THE PROBLEM | Every line from the one holding "S))) - card" through the final line of the entries is to be reproduced exactly, and no other line.

[Saved entries]
○ ○ ○ ○ ○ ○ ○

(* Let $G$ be a locally compact (Hausdorff) topological group. Then $G$ is approximable by finite $l$-quasigroups, and likewise $G$ is approximable by finite $r$-quasigroups.
   Context: A (finite) $l$-quasigroup is a set $H$ with a binary operation $\odot$ such that for all $a,b\in H$ the equation $a\odot x=b$ has a unique solution $x\in H$; an $r$-quasigroup is defined in the same way with the equation $x\odot a=b$. Approximability: let $C\subseteq G$ be compact, $U$ a neighborhood of the unit of $G$, and $(H,\odot)$ a finite algebra (a set with one binary operation). A set $M\subseteq G$ is a $U$-grid of $C$ if $C\subseteq MU=\{mu: m\in M,u\in U\}$. A map $j:H\to G$ is a $(C,U)$-homomorphism if for all $x,y\in H$ with $j(x),j(y),j(x)j(y)\in C$ one has $j(x\odot y)\in j(x)j(y)U$. The pair $(H,j)$ is a $(C,U)$-approximation of $G$ if $j(H)$ is a $U$-grid of $C$ and $j$ is a $(C,U)$-homomorphism. For a class $\mathcal K$ of finite algebras, $G$ is approximable by systems of $\mathcal K$ if for every compact $C\subseteq G$ and every neighborhood $U$ of the unit there is a $(C,U)$-approximation $(H,j)$ of $G$ with $H\in\mathcal K$ and $j$ injective. *)

theory Defs
  imports "HOL-Analysis.Analysis"
begin

text \<open>The topological group G is written additively (class topological_group_add,
which extends group_add; group_add is NOT assumed commutative). The unit is 0 and
the product m u is m + u.\<close>

definition algebra_on :: "'h set \<Rightarrow> ('h \<Rightarrow> 'h \<Rightarrow> 'h) \<Rightarrow> bool" where
  "algebra_on H f \<longleftrightarrow> finite H \<and> (\<forall>a\<in>H. \<forall>b\<in>H. f a b \<in> H)"

definition l_quasigroup :: "'h set \<Rightarrow> ('h \<Rightarrow> 'h \<Rightarrow> 'h) \<Rightarrow> bool" where
  "l_quasigroup H f \<longleftrightarrow> algebra_on H f \<and> (\<forall>a\<in>H. \<forall>b\<in>H. \<exists>!x. x \<in> H \<and> f a x = b)"

definition r_quasigroup :: "'h set \<Rightarrow> ('h \<Rightarrow> 'h \<Rightarrow> 'h) \<Rightarrow> bool" where
  "r_quasigroup H f \<longleftrightarrow> algebra_on H f \<and> (\<forall>a\<in>H. \<forall>b\<in>H. \<exists>!x. x \<in> H \<and> f x a = b)"

definition is_grid :: "'g::group_add set \<Rightarrow> 'g set \<Rightarrow> 'g set \<Rightarrow> bool" where
  "is_grid U C M \<longleftrightarrow> C \<subseteq> {m + u | m u. m \<in> M \<and> u \<in> U}"

definition CU_hom :: "'g::group_add set \<Rightarrow> 'g set \<Rightarrow> 'h set \<Rightarrow> ('h \<Rightarrow> 'h \<Rightarrow> 'h) \<Rightarrow> ('h \<Rightarrow> 'g) \<Rightarrow> bool" where
  "CU_hom C U H f j \<longleftrightarrow> (\<forall>x\<in>H. \<forall>y\<in>H. j x \<in> C \<and> j y \<in> C \<and> j x + j y \<in> C
      \<longrightarrow> j (f x y) \<in> {j x + j y + u | u. u \<in> U})"

definition CU_approximation :: "'g::group_add set \<Rightarrow> 'g set \<Rightarrow> 'h set \<Rightarrow> ('h \<Rightarrow> 'h \<Rightarrow> 'h) \<Rightarrow> ('h \<Rightarrow> 'g) \<Rightarrow> bool" where
  "CU_approximation C U H f j \<longleftrightarrow> is_grid U C (j ` H) \<and> CU_hom C U H f j"

text \<open>Approximability by systems of a class K of finite algebras. Finite algebras are
represented (up to isomorphism) with carriers H :: nat set.\<close>
definition approximable_by :: "(nat set \<Rightarrow> (nat \<Rightarrow> nat \<Rightarrow> nat) \<Rightarrow> bool) \<Rightarrow> 'g::topological_group_add itself \<Rightarrow> bool" where
  "approximable_by K (TYPE('g)) \<longleftrightarrow>
    (\<forall>(C::'g set) U. compact C \<and> 0 \<in> interior U \<longrightarrow>
       (\<exists>H f j. algebra_on H f \<and> K H f \<and> CU_approximation C U H f j \<and> inj_on j H))"

end

theory Submission
  imports Defs
begin

(* Choose an open neighbourhood V of 0 inside a compact set K with V - V \<subseteq> U, and a set M of
   minimal cardinality whose left translates m + V cover the compact set C + K.  For fixed a,
   minimality forces Hall's condition for matching every y \<in> M with a + y \<in> C to some m \<in> M with
   -(a + y) + m \<in> U: if a set S of such y had fewer candidates m, replacing S by the translates
   -a + m of its candidates would give a smaller cover.  The matchings extend to permutations of M,
   which serve as the left translations of an l-quasigroup approximating G.  For r-quasigroups, apply
   this to -C and a neighbourhood W whose conjugates -c + -W + c (c \<in> C) lie in U, and reflect the
   operation through inversion: x \<circ> y = -((-y) \<circ>' (-x)). *)

lemma Hall_condition_Diff_critical:
  fixes N :: "'a \<Rightarrow> 'b set"
  assumes Hall: "\<And>S. S \<subseteq> Y \<Longrightarrow> card S \<le> card (\<Union>(N ` S))"
    and fin: "finite Y" "\<And>S. S \<subseteq> Y \<Longrightarrow> finite (\<Union>(N ` S))"
    and S: "S \<subseteq> Y" "card (\<Union>(N ` S)) = card S"
    and T: "T \<subseteq> Y - S"
  shows "card T \<le> card (\<Union>y\<in>T. N y - \<Union>(N ` S))"
proof -
  have "card (T \<union> S) \<le> card (\<Union>(N ` (T \<union> S)))"
    using T S by (intro Hall) auto
  moreover have "card (T \<union> S) = card T + card S"
    using T S fin(1) by (intro card_Un_disjoint) (auto intro: finite_subset)
  moreover have "(\<Union>y\<in>T. N y - \<Union>(N ` S)) = \<Union>(N ` (T \<union> S)) - \<Union>(N ` S)"
    by auto
  then have "card (\<Union>y\<in>T. N y - \<Union>(N ` S)) = card (\<Union>(N ` (T \<union> S)) - \<Union>(N ` S))"
    by (rule arg_cong)
  moreover have "card (\<Union>(N ` (T \<union> S)) - \<Union>(N ` S)) = card (\<Union>(N ` (T \<union> S))) - card (\<Union>(N ` S))"
    using T S fin(2) by (intro card_Diff_subset) auto
  ultimately show ?thesis
    using S(2) by linarith
qed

○ ○ ○ ○ ○ ○ ○

ANSWER TO THIS PROBLEM |
  moreover have "card (\<Union>(N ` (T \<union> S)) - \<Union>(N ` S)) = card (\<Union>(N ` (T \<union> S))) - card (\<Union>(N ` S))"
    using T S fin(2) by (intro card_Diff_subset) auto
  ultimately show ?thesis
    using S(2) by linarith
qed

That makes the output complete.